A former Commander of Naval Station Guantanamo Bay (GTMO) was sentenced to 24 months in federal prison following his multiple convictions of obstructing justice and making false statements, in connection with the death of a civilian at the naval base.

Following a five- day trial, on Jan. 17, 2020, a federal jury in the Middle District of Florida convicted Captain John Nettleton, 53, of Jacksonville, Florida, of two counts of obstruction of justice, one count of conealment of material facts, one count of falsification of records, and two counts of making false statements, all related to his actions during the Navy’s investigation of the death of Christopher M. Tur, the Loss Prevention Safety Manager at GTMO’s Naval Exchange. 

Nettleton was sentenced by U.S. District Judge Timothy J. Corrigan who also ordered Nettleton to serve one year of supervised release.

Tur, 42, was found drowned in the waters of Guantanmo Bay on Jan. 11, 2015.  An autopsy revealed that Tur had suffered injuries prior to his drowning.  At the time of Tur’s death, Nettleton was the commanding officer of GTMO. 

“Nettleton misled and obstructed the investigators attempting to determine what happened to Mr. Tur, and this sentence ensures that he will pay a heavy price,” said Acting Assistant Attorney General Brian C. Rabbitt of the Justice Department’s Criminal Division.  “That price, however, pales in comparison to that paid by the family of Mr. Tur, whose pain was compounded by Nettleton’s actions.  The Department of Justice was proud to work closely with the Naval Criminal Investigative Service (NCIS) to hold Nettleton accountable for his obstruction, concealment, and false statements.”

“By deliberately misleading NCIS in the search for Mr. Tur and the ensuing investigation into the circumstances of his death, Captain Nettleton delayed justice and wasted valuable Department of the Navy resources,” said Special Agent in Charge Thomas Cannizzo of the NCIS Southeast Field Office.  “NCIS is dedicated to holding accountable those who unlawfully impede investigations.”

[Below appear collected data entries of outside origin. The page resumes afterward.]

lemma L_smooth_borel_measurable:
  assumes "L_smooth L (g :: real^'d \<Rightarrow> real)"
  shows "g \<in> borel_measurable borel" and "gradient g \<in> borel_measurable borel"
proof -
  show "g \<in> borel_measurable borel"
    using assms unfolding L_smooth_def
    by (intro borel_measurable_continuous_onI differentiable_imp_continuous_on)
      (auto simp: differentiable_on_def)
  have "L-lipschitz_on UNIV (gradient g)"
    using assms L_smooth_nonneg[OF assms] unfolding L_smooth_def
    by (intro lipschitz_onI) (auto simp: dist_norm)
  then show "gradient g \<in> borel_measurable borel"
    by (intro borel_measurable_continuous_onI lipschitz_on_continuous_on)
qed

lemma L_smooth_descent:
  fixes g :: "real^'d \<Rightarrow> real"
  assumes "L_smooth L g"
  shows "g y \<le> g x + (y - x) \<bullet> gradient g x + L / 2 * (norm (y - x))\<^sup>2"
proof -
  define h where "h = y - x"
  define \<phi> where "\<phi> t = g (x + t *\<^sub>R h) - t * (h \<bullet> gradient g x) - L / 2 * t\<^sup>2 * (norm h)\<^sup>2" for t
  have der: "(\<phi> has_real_derivative
      h \<bullet> gradient g (x + t *\<^sub>R h) - h \<bullet> gradient g x - L * t * (norm h)\<^sup>2) (at t)" for t
  proof -
    have "((\<lambda>t. x + t *\<^sub>R h) has_derivative (\<lambda>s. s *\<^sub>R h)) (at t)"
      by (auto intro!: derivative_eq_intros)
    from has_derivative_compose[OF this L_smooth_gderiv[OF assms, unfolded gderiv_def]]
    have "((\<lambda>t. g (x + t *\<^sub>R h)) has_derivative (\<lambda>s. (s *\<^sub>R h) \<bullet> gradient g (x + t *\<^sub>R h))) (at t)"
      by (simp add: o_def)
    then show ?thesis
      unfolding \<phi>_def has_field_derivative_def
      by (auto intro!: derivative_eq_intros simp: algebra_simps power2_eq_square)
  qed
  have slope: "h \<bullet> gradient g (x + t *\<^sub>R h) - h \<bullet> gradient g x \<le> L * t * (norm h)\<^sup>2"
    if "0 \<le> t" for t
  proof -
    have "h \<bullet> gradient g (x + t *\<^sub>R h) - h \<bullet> gradient g x
        \<le> norm h * norm (gradient g (x + t *\<^sub>R h) - gradient g x)"
      by (metis inner_diff_right norm_cauchy_schwarz)
    also have "\<dots> \<le> norm h * (L * norm (t *\<^sub>R h))"
      using assms unfolding L_smooth_def by (metis add_diff_cancel_left' mult_left_mono norm_ge_zero)
    finally show ?thesis
      using that by (simp add: power2_eq_square algebra_simps)
  qed
  have "\<phi> 1 \<le> \<phi> 0"
    by (intro DERIV_nonpos_imp_nonincreasing[of 0 1]) (simp, metis der slope diff_le_0_iff_le)
  then show ?thesis
    unfolding \<phi>_def h_def by (simp add: algebra_simps)
qed

lemma L_smooth_norm_gradient_le:
  fixes g :: "real^'d \<Rightarrow> real"
  assumes smooth: "L_smooth L g" and lower: "\<And>z. m \<le> g z"
  shows "(norm (gradient g y))\<^sup>2 \<le> 2 * L * (g y - m)"
proof -
  define q where "q = (norm (gradient g y))\<^sup>2"
  have step: "m \<le> g y - s * q + L / 2 * s\<^sup>2 * q" for s
  proof -
    have "m \<le> g (y - s *\<^sub>R gradient g y)"
      by (rule lower)
    also have "\<dots> \<le> g y - s * q + L / 2 * s\<^sup>2 * q"
      using L_smooth_descent[OF smooth, of "y - s *\<^sub>R gradient g y" y]
      by (simp add: q_def power2_norm_eq_inner power_mult_distrib)
    finally show ?thesis .
  qed
  show ?thesis
  proof (cases "L = 0")
    case True
    \<comment> \<open>then g is unbounded below along the negative gradient unless the gradient vanishes\<close>
    have "q = 0"
    proof (rule ccontr)
      assume "q \<noteq> 0"
      then show False
        using step[of "(g y - m + 1) / q"] True by simp
    qed
    then show ?thesis
      using True by (simp add: q_def)
  next
    case False
    then have "L > 0"
      using L_smooth_nonneg[OF smooth] by simp
    have "m \<le> g y - q / (2 * L)"
      using step[of "1 / L"] \<open>L > 0\<close> by (simp add: field_simps power2_eq_square)
    then show ?thesis
      using \<open>L > 0\<close> by (simp add: q_def field_simps)
  qed
qed

lemma gderiv_ftilde:
  fixes f :: "nat \<Rightarrow> real^'d \<Rightarrow> real"
  assumes "\<forall>i<n. L_smooth (L i) (f i)"
  shows "GDERIV (ftilde n f xs \<alpha>) x :>
    (1 / real n) *\<^sub>R (\<Sum>i<n. \<alpha> *\<^sub>R gradient (f i) (Tmap \<alpha> (xs i) x))"
proof -
  have "((\<lambda>x. f i (Tmap \<alpha> (xs i) x)) has_derivative
      (\<lambda>h. h \<bullet> (\<alpha> *\<^sub>R gradient (f i) (Tmap \<alpha> (xs i) x)))) (at x)" if "i < n" for i
  proof -
    have Tmap: "(Tmap \<alpha> (xs i) has_derivative (\<lambda>h. \<alpha> *\<^sub>R h)) (at x)"
      unfolding Tmap_def by (auto intro!: derivative_eq_intros)
    have "L_smooth (L i) (f i)"
      using assms that by blast
    from has_derivative_compose[OF Tmap L_smooth_gderiv[OF this, unfolded gderiv_def]]
    show ?thesis
      by (simp add: o_def)
  qed
  then have "((\<lambda>x. (1 / real n) * (\<Sum>i<n. f i (Tmap \<alpha> (xs i) x))) has_derivative
      (\<lambda>h. (1 / real n) * (\<Sum>i<n. h \<bullet> (\<alpha> *\<^sub>R gradient (f i) (Tmap \<alpha> (xs i) x))))) (at x)"
    by (intro has_derivative_mult_right has_derivative_sum) auto
  then show ?thesis
    unfolding gderiv_def ftilde_def[abs_def] by (simp add: inner_sum_right)
qed

lemma gradient_ftilde:
  fixes f :: "nat \<Rightarrow> real^'d \<Rightarrow> real"
  assumes "\<forall>i<n. L_smooth (L i) (f i)"
  shows "gradient (ftilde n f xs \<alpha>) x =
    (1 / real n) *\<^sub>R (\<Sum>i<n. \<alpha> *\<^sub>R gradient (f i) (Tmap \<alpha> (xs i) x))"
  using gderiv_ftilde[OF assms] by (rule gradient_eqI)

lemma L_smooth_ftilde:
  fixes f :: "nat \<Rightarrow> real^'d \<Rightarrow> real"
  assumes smooth: "\<forall>i<n. L_smooth (L i) (f i)" and "\<alpha> \<ge> 0"
  shows "L_smooth (\<alpha>\<^sup>2 * ((1 / real n) * (\<Sum>i<n. L i))) (ftilde n f xs \<alpha>)"
  unfolding L_smooth_def
proof safe
  show "ftilde n f xs \<alpha> differentiable at x" for x
    using gderiv_ftilde[OF smooth] unfolding gderiv_def differentiable_def by blast
next
  fix x y :: "real^'d"
  let ?d = "\<lambda>i. gradient (f i) (Tmap \<alpha> (xs i) x) - gradient (f i) (Tmap \<alpha> (xs i) y)"
  have d_le: "norm (?d i) \<le> L i * (\<alpha> * norm (x - y))" if "i < n" for i
  proof -
    have "Tmap \<alpha> (xs i) x - Tmap \<alpha> (xs i) y = \<alpha> *\<^sub>R (x - y)"
      by (simp add: Tmap_def algebra_simps)
    then show ?thesis
      using smooth that \<open>\<alpha> \<ge> 0\<close> unfolding L_smooth_def by (metis abs_of_nonneg norm_scaleR)
  qed
  have "gradient (ftilde n f xs \<alpha>) x - gradient (ftilde n f xs \<alpha>) y
      = (1 / real n) *\<^sub>R (\<Sum>i<n. \<alpha> *\<^sub>R ?d i)"
    unfolding gradient_ftilde[OF smooth] by (simp add: sum_subtractf scaleR_diff_right)
  also have "norm \<dots> = (1 / real n) * norm (\<Sum>i<n. \<alpha> *\<^sub>R ?d i)"
    by simp
  also have "\<dots> \<le> (1 / real n) * (\<Sum>i<n. norm (\<alpha> *\<^sub>R ?d i))"
    by (intro mult_left_mono norm_sum) simp
  also have "\<dots> \<le> (1 / real n) * (\<Sum>i<n. \<alpha> * (L i * (\<alpha> * norm (x - y))))"
    using \<open>\<alpha> \<ge> 0\<close> d_le by (intro mult_left_mono sum_mono) (auto simp: mult_left_mono)
  also have "\<dots> = \<alpha>\<^sup>2 * ((1 / real n) * (\<Sum>i<n. L i)) * norm (x - y)"
    by (simp add: sum_distrib_left sum_distrib_right sum_divide_distrib power2_eq_square algebra_simps)
  finally show "norm (gradient (ftilde n f xs \<alpha>) x - gradient (ftilde n f xs \<alpha>) y)
      \<le> \<alpha>\<^sup>2 * ((1 / real n) * (\<Sum>i<n. L i)) * norm (x - y)" .
qed

lemma Min_le_of_descent_recurrence:
  fixes e g :: "nat \<Rightarrow> real" and R \<gamma> :: real
  assumes "R \<ge> 1" and "\<gamma> > 0" and "k \<ge> 1"
    and e_nonneg: "\<And>t. e t \<ge> 0" and g_nonneg: "\<And>t. g t \<ge> 0"
    and recurrence: "\<And>t. e (Suc t) \<le> R * e t - \<gamma> / 2 * g t"
  shows "(MIN t\<in>{0..k-1}. g t) \<le> 2 * R ^ k * e 0 / (\<gamma> * real k)"
proof -
  have "R > 0"
    using \<open>R \<ge> 1\<close> by simp
  have telescope: "\<gamma> / 2 * (\<Sum>t<m. g t / R ^ Suc t) \<le> e 0 - e m / R ^ m" for m
  proof (induction m)
    case (Suc m)
    have "e (Suc m) / R ^ Suc m \<le> e m / R ^ m - \<gamma> / 2 * (g m / R ^ Suc m)"
      using divide_right_mono[OF recurrence[of m], of "R ^ Suc m"] \<open>R > 0\<close>
      by (simp add: field_simps)
    with Suc.IH show ?case
      by (simp add: algebra_simps)
  qed simp
  define \<mu> where "\<mu> = (MIN t\<in>{0..k-1}. g t)"
  have "\<mu> \<ge> 0"
    unfolding \<mu>_def using \<open>k \<ge> 1\<close> g_nonneg by (subst Min_ge_iff) auto
  have "\<mu> / R ^ k \<le> g t / R ^ Suc t" if "t < k" for t
  proof -
    have "\<mu> \<le> g t"
      unfolding \<mu>_def using that by (intro Min_le) auto
    moreover have "R ^ Suc t \<le> R ^ k"
      using \<open>R \<ge> 1\<close> that by (intro power_increasing) auto
    ultimately show ?thesis
      using \<open>\<mu> \<ge> 0\<close> \<open>R > 0\<close> g_nonneg[of t] by (intro frac_le) auto
  qed
  then have "real k * (\<mu> / R ^ k) \<le> (\<Sum>t<k. g t / R ^ Suc t)"
    using sum_mono[of "{..<k}" "\<lambda>_. \<mu> / R ^ k"] by simp
  also have "\<dots> \<le> 2 / \<gamma> * e 0"
  proof -
    have "e k / R ^ k \<ge> 0"
      using e_nonneg[of k] \<open>R > 0\<close> by simp
    then have "\<gamma> / 2 * (\<Sum>t<k. g t / R ^ Suc t) \<le> e 0"
      using telescope[of k] by linarith
    then show ?thesis
      using \<open>\<gamma> > 0\<close> by (simp add: field_simps)
  qed
  finally show ?thesis
    using \<open>R > 0\<close> \<open>\<gamma> > 0\<close> \<open>k \<ge> 1\<close> unfolding \<mu>_def by (simp add: field_simps)
qed

lemma nn_integral_le_imp_integral_le:
  fixes f g :: "'a \<Rightarrow> real"
  assumes f: "f \<in> borel_measurable M" "\<And>x. 0 \<le> f x"
    and g: "integrable M g" "\<And>x. 0 \<le> g x"
    and le: "(\<integral>\<^sup>+x. f x \<partial>M) \<le> (\<integral>\<^sup>+x. g x \<partial>M)"
  shows "integrable M f" and "(\<integral>x. f x \<partial>M) \<le> (\<integral>x. g x \<partial>M)"
proof -
  have g_eq: "(\<integral>\<^sup>+x. g x \<partial>M) = (\<integral>x. g x \<partial>M)"
    using g by (intro nn_integral_eq_integral) auto
  have "(\<integral>\<^sup>+x. f x \<partial>M) < \<infinity>"
    using le_less_trans[OF le[unfolded g_eq] ennreal_less_top] by simp
  then show int_f: "integrable M f"
    using f by (intro integrableI_nonneg) auto
  have "ennreal (\<integral>x. f x \<partial>M) \<le> ennreal (\<integral>x. g x \<partial>M)"
    using le g_eq nn_integral_eq_integral[OF int_f] f(2) by simp
  then show "(\<integral>x. f x \<partial>M) \<le> (\<integral>x. g x \<partial>M)"
    using g by (simp add: ennreal_le_iff integral_nonneg)
qed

The facts developed at trial showed that Tur confronted Nettleton at a party at the GTMO Officers’ Club on Jan. 9, 2015, with allegations that Nettleton and Tur’s spouse had engaged in an extramarital affair.  Later that same evening, Tur went to Nettleton’s residence and a physical altercation ensued that left Tur injured.  Tur was reported missing on Jan. 10, 2015, by other residents of GTMO.  Despite knowing that Tur had been at his residence and injured during the altercation, Nettleton falsely informed his superior officers and other Navy personnel that Tur had last been seen at the Officer’s Club the night before.  Nettleton also did not report that Tur had accused him of the extramarital affair, that Nettleton and Tur had engaged in a physical altercation at Nettleton’s residence, or that Tur had been injured.  Nettleton persisted in this concealment and these false statements as the search for Tur and then the investigation into the circumstances of his death continued.

NCIS investigated the case and Deputy Chiefs Todd Gee and Peter M. Nothstein of the Criminal Division’s Public Integrity Section prosecuted the case.